From the opening hum of feedback, Snag smacks you in the face with aggression and vitality. The album’s sound is still-bleeding raw, preserving the vicious energy with which this band plays their songs. The vocals hiss with harmonic overload and guitars scream with high-gain grit, reminding me of At the Drive-In’s seminal Relationship of Command. This record feels very much like a live set—you can hear the guitarist stomp their pedals on and off, ground loops inhabit the spaces between songs, and the band’s vicious energy occasionally overrides both consonance and tempo.

Snag have unquestionably captured their essence on this record, one that can summed up in two succinct phrases: painfully sincere, and royally pissed. The drumming is frantic, shoving careening rolls and fills between blasts and grooves that undoubtedly leave the drumheads bruised. The bass tone is thick, chonky even, like the howl of a dire wolf. The guitar steers the tunes between darkness and light, spacing out the heavy sections with pretty picking and melodic sprawls.
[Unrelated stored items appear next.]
(* Let $\mathbb{K}$ be an algebraically closed field of characteristic zero and let $X$ be an irreducible affine variety with $X\cong Y\times\mathbb{A}^1$, where $Y$ is an affine variety admitting a nonzero locally nilpotent derivation of $\mathbb{K}[Y]$. Suppose that $\mathrm{HD}^*(X)\neq\mathbb{K}[X]$. Then $\mathrm{HD}^*(X)$ is not a finitely generated $\mathbb{K}$-algebra.
   Context: A derivation $\partial$ of $\mathbb{K}[X]$ is locally nilpotent (LND) if for every $a\in\mathbb{K}[X]$ there is $n$ with $\partial^n(a)=0$. An element $s\in\mathbb{K}[X]$ is a slice of an LND $\partial$ if $\partial(s)=1$. Let $\mathrm{LND}^*(X)$ be the set of LNDs of $\mathbb{K}[X]$ admitting a slice. The modified Derksen invariant $\mathrm{HD}^*(X)$ is the $\mathbb{K}$-subalgebra of $\mathbb{K}[X]$ generated by the kernels $\ker\partial$ for all $\partial\in\mathrm{LND}^*(X)$. *)

theory Defs
  imports "HOL-Computational_Algebra.Polynomial"
begin

definition alg_closed_field :: "'k::field itself \<Rightarrow> bool" where
  "alg_closed_field _ \<longleftrightarrow> (\<forall>p::'k poly. degree p > 0 \<longrightarrow> (\<exists>x. poly p x = 0))"

text \<open>A K-algebra structure on a commutative ring 'r is given by a ring homomorphism
  iota from the field 'k into 'r.\<close>
definition ring_hom_map :: "('k::field \<Rightarrow> 'r::comm_ring_1) \<Rightarrow> bool" where
  "ring_hom_map \<iota> \<longleftrightarrow> \<iota> 1 = 1 \<and> (\<forall>a b. \<iota> (a + b) = \<iota> a + \<iota> b) \<and> (\<forall>a b. \<iota> (a * b) = \<iota> a * \<iota> b)"

inductive_set alg_gen :: "('k \<Rightarrow> 'r::comm_ring_1) \<Rightarrow> 'r set \<Rightarrow> 'r set"
  for \<iota> :: "'k \<Rightarrow> 'r" and S :: "'r set" where
  gen_base: "x \<in> S \<Longrightarrow> x \<in> alg_gen \<iota> S"
| gen_const: "\<iota> c \<in> alg_gen \<iota> S"
| gen_add: "x \<in> alg_gen \<iota> S \<Longrightarrow> y \<in> alg_gen \<iota> S \<Longrightarrow> x + y \<in> alg_gen \<iota> S"
| gen_uminus: "x \<in> alg_gen \<iota> S \<Longrightarrow> - x \<in> alg_gen \<iota> S"
| gen_mult: "x \<in> alg_gen \<iota> S \<Longrightarrow> y \<in> alg_gen \<iota> S \<Longrightarrow> x * y \<in> alg_gen \<iota> S"

definition fg_algebra :: "('k \<Rightarrow> 'r::comm_ring_1) \<Rightarrow> 'r set \<Rightarrow> bool" where
  "fg_algebra \<iota> A \<longleftrightarrow> (\<exists>G. finite G \<and> alg_gen \<iota> G = A)"

definition is_derivation :: "('k \<Rightarrow> 'r::comm_ring_1) \<Rightarrow> ('r \<Rightarrow> 'r) \<Rightarrow> bool" where
  "is_derivation \<iota> D \<longleftrightarrow> (\<forall>a b. D (a + b) = D a + D b) \<and> (\<forall>a b. D (a * b) = a * D b + b * D a)
     \<and> (\<forall>c. D (\<iota> c) = 0)"

definition is_LND :: "('k \<Rightarrow> 'r::comm_ring_1) \<Rightarrow> ('r \<Rightarrow> 'r) \<Rightarrow> bool" where
  "is_LND \<iota> D \<longleftrightarrow> is_derivation \<iota> D \<and> (\<forall>a. \<exists>n. (D ^^ n) a = 0)"

definition LND_star :: "('k \<Rightarrow> 'r::comm_ring_1) \<Rightarrow> ('r \<Rightarrow> 'r) set" where
  "LND_star \<iota> = {D. is_LND \<iota> D \<and> (\<exists>s. D s = 1)}"

definition HD_star :: "('k \<Rightarrow> 'r::comm_ring_1) \<Rightarrow> 'r set" where
  "HD_star \<iota> = alg_gen \<iota> (\<Union>D\<in>LND_star \<iota>. {a. D a = 0})"

end

theory Submission
  imports Defs
begin

text \<open>Write \<open>K[X] = B[x]\<close> with \<open>B = K[Y]\<close>, and let \<open>g\<close> be a local slice of a nonzero LND \<open>D\<close> of
  \<open>B\<close>, i.e. \<open>h = D g \<noteq> 0\<close> and \<open>D h = 0\<close>. For every \<open>m\<close>, \<open>\<partial>\<^sub>x - x\<^sup>m D\<close> (with \<open>D\<close> acting on
  coefficients) is an LND of \<open>B[x]\<close> with slice \<open>x\<close> whose kernel contains
  \<open>g + h x\<^sup>m\<^sup>+\<^sup>1 / (m + 1)\<close>; hence \<open>h x\<^sup>n \<in> HD\<^sup>*(X)\<close> for all \<open>n\<close>. Besides \<open>B = ker \<partial>\<^sub>x\<close>, the algebra
  \<open>HD\<^sup>*(X)\<close> is stable under the automorphisms \<open>x \<mapsto> 2x\<close> and \<open>x \<mapsto> x + 1\<close>, since conjugation
  preserves \<open>LND\<^sup>*(X)\<close>. Hence it contains the homogeneous components of its elements, and
  \<open>c x\<close> whenever it contains some \<open>c x\<^sup>k\<close> with \<open>k \<ge> 1\<close>.
  If \<open>HD\<^sup>*(X)\<close> were finitely generated, it would be Noetherian by Hilbert's basis theorem, so
  the ideals generated by \<open>h, h x, \<dots>, h x\<^sup>n\<^sup>-\<^sup>1\<close> would stabilise. Comparing coefficients of
  \<open>x\<^sup>M\<close> in \<open>h x\<^sup>M = \<Sum> c\<^sub>i h x\<^sup>i\<close> then yields \<open>x \<in> HD\<^sup>*(X)\<close>, i.e. \<open>HD\<^sup>*(X) = K[X]\<close>.\<close>

section \<open>Subrings, ideals and Noetherian subrings\<close>

definition is_ring_hom :: "('a::comm_ring_1 \<Rightarrow> 'b::comm_ring_1) \<Rightarrow> bool" where
  "is_ring_hom f \<longleftrightarrow> f 1 = 1 \<and> (\<forall>a b. f (a + b) = f a + f b) \<and> (\<forall>a b. f (a * b) = f a * f b)"

lemma ring_hom_map_iff_is_ring_hom: "ring_hom_map \<iota> \<longleftrightarrow> is_ring_hom \<iota>"
  unfolding ring_hom_map_def is_ring_hom_def ..

context
  fixes f :: "'a::comm_ring_1 \<Rightarrow> 'b::comm_ring_1"
  assumes hom: "is_ring_hom f"
begin

lemma ring_hom_1: "f 1 = 1"
  and ring_hom_add: "f (a + b) = f a + f b"
  and ring_hom_mult: "f (a * b) = f a * f b"
  using hom unfolding is_ring_hom_def by auto

lemma ring_hom_0: "f 0 = 0"
  using ring_hom_add[of 0 0] by simp

lemma ring_hom_uminus: "f (- a) = - f a"
  using ring_hom_add[of a "- a"] by (simp add: ring_hom_0 add_eq_0_iff)

lemma ring_hom_diff: "f (a - b) = f a - f b"
  using ring_hom_add[of a "- b"] by (simp add: ring_hom_uminus)

lemma ring_hom_sum: "f (sum g A) = (\<Sum>x\<in>A. f (g x))"
  using sum_comp_morphism[of f g A] by (simp add: ring_hom_0 ring_hom_add o_def)

lemma ring_hom_of_nat: "f (of_nat n) = of_nat n"
  by (induction n) (simp_all add: ring_hom_0 ring_hom_1 ring_hom_add)

lemma ring_hom_power: "f (a ^ n) = f a ^ n"
  by (induction n) (simp_all add: ring_hom_1 ring_hom_mult)

end

lemma ring_hom_inverse:
  fixes f :: "'k::field \<Rightarrow> 'a::comm_ring_1"
  assumes "is_ring_hom f" "c \<noteq> 0"
  shows "f (inverse c) * f c = 1"
  using assms ring_hom_mult[of f "inverse c" c] ring_hom_1[of f] by simp

definition is_subring :: "'a::comm_ring_1 set \<Rightarrow> bool" where
  "is_subring S \<longleftrightarrow> 0 \<in> S \<and> 1 \<in> S \<and> (\<forall>a\<in>S. \<forall>b\<in>S. a + b \<in> S \<and> a * b \<in> S) \<and> (\<forall>a\<in>S. - a \<in> S)"

context
  fixes S :: "'a::comm_ring_1 set"
  assumes S: "is_subring S"
begin

lemma subring_0: "0 \<in> S"
  and subring_1: "1 \<in> S"
  and subring_add: "a \<in> S \<Longrightarrow> b \<in> S \<Longrightarrow> a + b \<in> S"
  and subring_mult: "a \<in> S \<Longrightarrow> b \<in> S \<Longrightarrow> a * b \<in> S"
  and subring_uminus: "a \<in> S \<Longrightarrow> - a \<in> S"
  using S unfolding is_subring_def by auto

lemma subring_diff: "a \<in> S \<Longrightarrow> b \<in> S \<Longrightarrow> a - b \<in> S"
  using subring_add subring_uminus by (metis diff_conv_add_uminus)

lemma subring_sum: "(\<And>x. x \<in> A \<Longrightarrow> g x \<in> S) \<Longrightarrow> sum g A \<in> S"
  by (induction A rule: infinite_finite_induct) (simp_all add: subring_0 subring_add)

lemma subring_power: "a \<in> S \<Longrightarrow> a ^ n \<in> S"
  by (induction n) (simp_all add: subring_1 subring_mult)

lemma is_subring_image:
  assumes f: "is_ring_hom f"
  shows "is_subring (f ` S)"
proof -
  have "f a + f b = f (a + b)" "f a * f b = f (a * b)" "- f a = f (- a)" for a b
    by (simp_all add: ring_hom_add[OF f] ring_hom_mult[OF f] ring_hom_uminus[OF f])
  then show ?thesis
    unfolding is_subring_def
    using subring_0 subring_1 subring_add subring_mult subring_uminus
      ring_hom_0[OF f, symmetric] ring_hom_1[OF f, symmetric]
    by (auto simp del: ring_hom_0 ring_hom_1)
qed

end

lemma is_subring_UNIV: "is_subring UNIV"
  unfolding is_subring_def by simp

definition is_ideal :: "'a::comm_ring_1 set \<Rightarrow> 'a set \<Rightarrow> bool" where
  "is_ideal S I \<longleftrightarrow> I \<subseteq> S \<and> 0 \<in> I \<and> (\<forall>a\<in>I. \<forall>b\<in>I. a + b \<in> I) \<and> (\<forall>s\<in>S. \<forall>a\<in>I. s * a \<in> I)"

context
  fixes S I :: "'a::comm_ring_1 set"
  assumes I: "is_ideal S I"
begin

lemma ideal_subset: "I \<subseteq> S"
  and ideal_0: "0 \<in> I"
  and ideal_add: "a \<in> I \<Longrightarrow> b \<in> I \<Longrightarrow> a + b \<in> I"
  and ideal_mult: "s \<in> S \<Longrightarrow> a \<in> I \<Longrightarrow> s * a \<in> I"
  using I unfolding is_ideal_def by auto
This wild dynamic movement is echoed in the vocals as well. The repeating opening line of “Colony Collapse” starts in a sarcastic spoken tone that slowly ramps up in exasperation with each repetition. By the final time, the singer is at a full guttural screech, wretching the words as if it pains to speak them. In a similar fashion, the closing track “Waiting (We’ll Starve)” layers speak-singing over grainy screams, before closing with a pile of heady gang vocals. 
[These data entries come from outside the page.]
(* Let $x\ge3$ be a fixed integer. Let $\omega_n^-(x)$ be the number of square-free words of length $n$ over an $x$-letter alphabet, and $\psi_n(x)$ the number of those which contain every one of the $x$ letters. Then $$\lim_{n\to\infty}\frac{\log\psi_n(x)}{n}=\lim_{n\to\infty}\frac{\log\omega_n^-(x)}{n}.$$
   Context: A square is a nonempty word of the form $uu$; a word is square-free if no contiguous subword of it is a square. *)

theory Defs
  imports Complex_Main
begin

definition square_free :: "'a list \<Rightarrow> bool" where
  "square_free w \<longleftrightarrow> \<not> (\<exists>p u s. u \<noteq> [] \<and> w = p @ u @ u @ s)"

definition omega_minus :: "nat \<Rightarrow> nat \<Rightarrow> nat" where
  "omega_minus x n = card {w :: nat list. length w = n \<and> set w \<subseteq> {..<x} \<and> square_free w}"

definition psi :: "nat \<Rightarrow> nat \<Rightarrow> nat" where
  "psi x n = card {w :: nat list. length w = n \<and> set w = {..<x} \<and> square_free w}"

end

theory Submission
  imports Defs
begin

text \<open>
  Splitting a square-free word of length m + n into its prefix of length m and its suffix shows
  that omega_minus is submultiplicative, so by Fekete's lemma ln (omega_minus n) / n converges.
  Conversely every square-free word v of length n \<ge> x is drop j u @ s, where s is a suffix of
  v of length j \<le> x and u is a square-free word using all x letters: u is obtained from the
  remaining prefix p of v by prepending the j letters missing from p, each once, and j is chosen
  so that exactly j letters are missing.  Hence omega_minus n is at most psi n times the number
  of words of length at most x, a constant, and the two growth rates agree.
\<close>

lemma subadditive_le_mult_add:
  fixes a :: "nat \<Rightarrow> real"
  assumes sub: "\<And>m n. a (m + n) \<le> a m + a n"
  shows "a (q * k + r) \<le> real q * a k + a r"
proof (induction q)
  case 0
  then show ?case by simp
next
  case (Suc q)
  have "a (Suc q * k + r) \<le> a k + a (q * k + r)"
    using sub[of k "q * k + r"] by (simp add: add.assoc)
  with Suc show ?case by (simp add: algebra_simps)
qed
The sound of Snag is undeniably intense, furious even, but this is no hype for hype’s sake—this record carries in its lyrics a very heavy message. Snag’s writing is focused almost solely through a voice of “climate anxiety,” directly addressing some of the looming ecological issues facing our world. “Foam Cup pt. II” paints a vivid image of a trash-soaked highway, poignantly reinforcing the urgency by choosing a material that will never biodegrade. Bleak lines like “The more I learn, the more I believe / the earth is a corpse, lad at our feet” from “Colony Collapse” remind us that for every choice we make for lesser beings echoes onto us as well, often for the worse.
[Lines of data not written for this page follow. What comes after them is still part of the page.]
(* Let $\|\cdot\|$ be a weakly unitarily invariant norm on $\mathbb{M}_n$ with $\chi_{\|\cdot\|}=1$. (1) If $\|\cdot\|$ is an $M$-norm, then $\omega(A)\le\|A\|\le\|A\|_\infty$ for all $A\in\mathbb{M}_n$. (2) If $\|\cdot\|$ is an $L$-norm, then $\|A\|_1\le\|A\|\le\omega_*(A)$ for all $A\in\mathbb{M}_n$.
   Context: $\mathbb{M}_n$ is the algebra of complex $n\times n$ matrices with identity $I$; $\|\cdot\|_\infty$ is the operator norm, $\|A\|_1=\mathrm{Tr}(|A|)$ the trace norm, $\omega(A)=\sup\{|\langle x,Ax\rangle|:\|x\|=1\}$ the numerical radius, and $\omega_*(Y)=\sup\{|\mathrm{Tr}(Y^*X)|:\omega(X)\le1\}$ its dual norm. A norm is weakly unitarily invariant if $\|U^*AU\|=\|A\|$ for all $A$ and all unitaries $U$; for such a norm all rank-one orthogonal projections have the same norm, and $\chi_{\|\cdot\|}$ denotes $\|E\|$ for any rank-one orthogonal projection $E$. A norm is an $M$-norm if $\left\|\sum_{i=1}^k C_i^*X_iC_i\right\|\le \max_{i}\|X_i\|$ for all $k$, all $X_i$ and all $C_i$ with $\sum_{i=1}^k C_i^*C_i=I$; it is an $L$-norm if $\sum_{i=1}^k\|C_iXC_i^*\|\le\|X\|$ for all $k$, all $X$ and all $C_i$ with $\sum_{i=1}^k C_i^*C_i=I$. *)

theory Defs
  imports "HOL-Analysis.Analysis"
begin

text \<open>Matrices in M_n are modelled as complex^'n^'n, with n = CARD('n) arbitrary.\<close>

type_synonym 'n cmat = "complex^'n^'n"

definition cmat_adj :: "'n::finite cmat \<Rightarrow> 'n cmat" where
  "cmat_adj A = (\<chi> i j. cnj (A $ j $ i))"

definition cmat_scale :: "complex \<Rightarrow> 'n::finite cmat \<Rightarrow> 'n cmat" where
  "cmat_scale c A = (\<chi> i j. c * A $ i $ j)"

definition cinner :: "complex^'n::finite \<Rightarrow> complex^'n \<Rightarrow> complex" where
  "cinner x y = (\<Sum>i\<in>UNIV. cnj (x $ i) * y $ i)"

definition unitary :: "'n::finite cmat \<Rightarrow> bool" where
  "unitary U \<longleftrightarrow> cmat_adj U ** U = mat 1 \<and> U ** cmat_adj U = mat 1"

definition rank_one_proj :: "'n::finite cmat \<Rightarrow> bool" where
  "rank_one_proj E \<longleftrightarrow> (\<exists>x::complex^'n. norm x = 1 \<and> E = (\<chi> i j. x $ i * cnj (x $ j)))"

definition is_matrix_norm :: "('n::finite cmat \<Rightarrow> real) \<Rightarrow> bool" where
  "is_matrix_norm N \<longleftrightarrow>
     (\<forall>A. 0 \<le> N A) \<and> (\<forall>A. N A = 0 \<longleftrightarrow> A = 0) \<and>
     (\<forall>c A. N (cmat_scale c A) = cmod c * N A) \<and>
     (\<forall>A B. N (A + B) \<le> N A + N B)"

definition weakly_unitarily_invariant :: "('n::finite cmat \<Rightarrow> real) \<Rightarrow> bool" where
  "weakly_unitarily_invariant N \<longleftrightarrow>
     is_matrix_norm N \<and> (\<forall>A U. unitary U \<longrightarrow> N (cmat_adj U ** A ** U) = N A)"

definition M_norm :: "('n::finite cmat \<Rightarrow> real) \<Rightarrow> bool" where
  "M_norm N \<longleftrightarrow> (\<forall>(k::nat) (C::nat \<Rightarrow> 'n cmat) (X::nat \<Rightarrow> 'n cmat).
      (\<Sum>i<k. cmat_adj (C i) ** C i) = mat 1 \<longrightarrow>
      N (\<Sum>i<k. cmat_adj (C i) ** X i ** C i) \<le> (MAX i\<in>{..<k}. N (X i)))"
The powerfully simple statement of “if you see me, weep” in “Hunger Stone,” a reference to the river stones historically used in parts of Europe to mark times of famine, suggests that such disaster is on our own horizon. But perhaps the best example of this thematic exploration is the most subtle: the line “I hear you crying on the fire escape” feels straight up terrifying when read with a climate change lens, implying that there is no escape from the heat death we seem to be barreling towards.

No matter which angle I choose as my approach, I cannot deny just how heartfelt and smart this record is. Snag use lively instrumentation, intelligent and thoughtful writing, and a whole lotta rage to both educate and entertain. A tone of urgency runs through each of Snag’s nine tracks, delivering an important message without interrupting the enjoyment that is inherent in their music. This is one of those records that occupies the brain, using catchy hooks to climb through the ears before seeping stark and effective images in between the lobes. And though I cannot say this record will resonate so deeply with every listener, there is one thing of which I can assure you—the very next purchase I make will be my own vinyl copy, because I’m going to spin this record until it’s too worn to play.

My Top Track: “Fire Escape”

You can stream Snag via Bandcamp or Spotify; grab a physical copy from Middle Man Records (US), Zegema Beach Records (CAN), or Daesin Records (Europe). For all things Snag including upcoming shows and news, follow them on Facebook.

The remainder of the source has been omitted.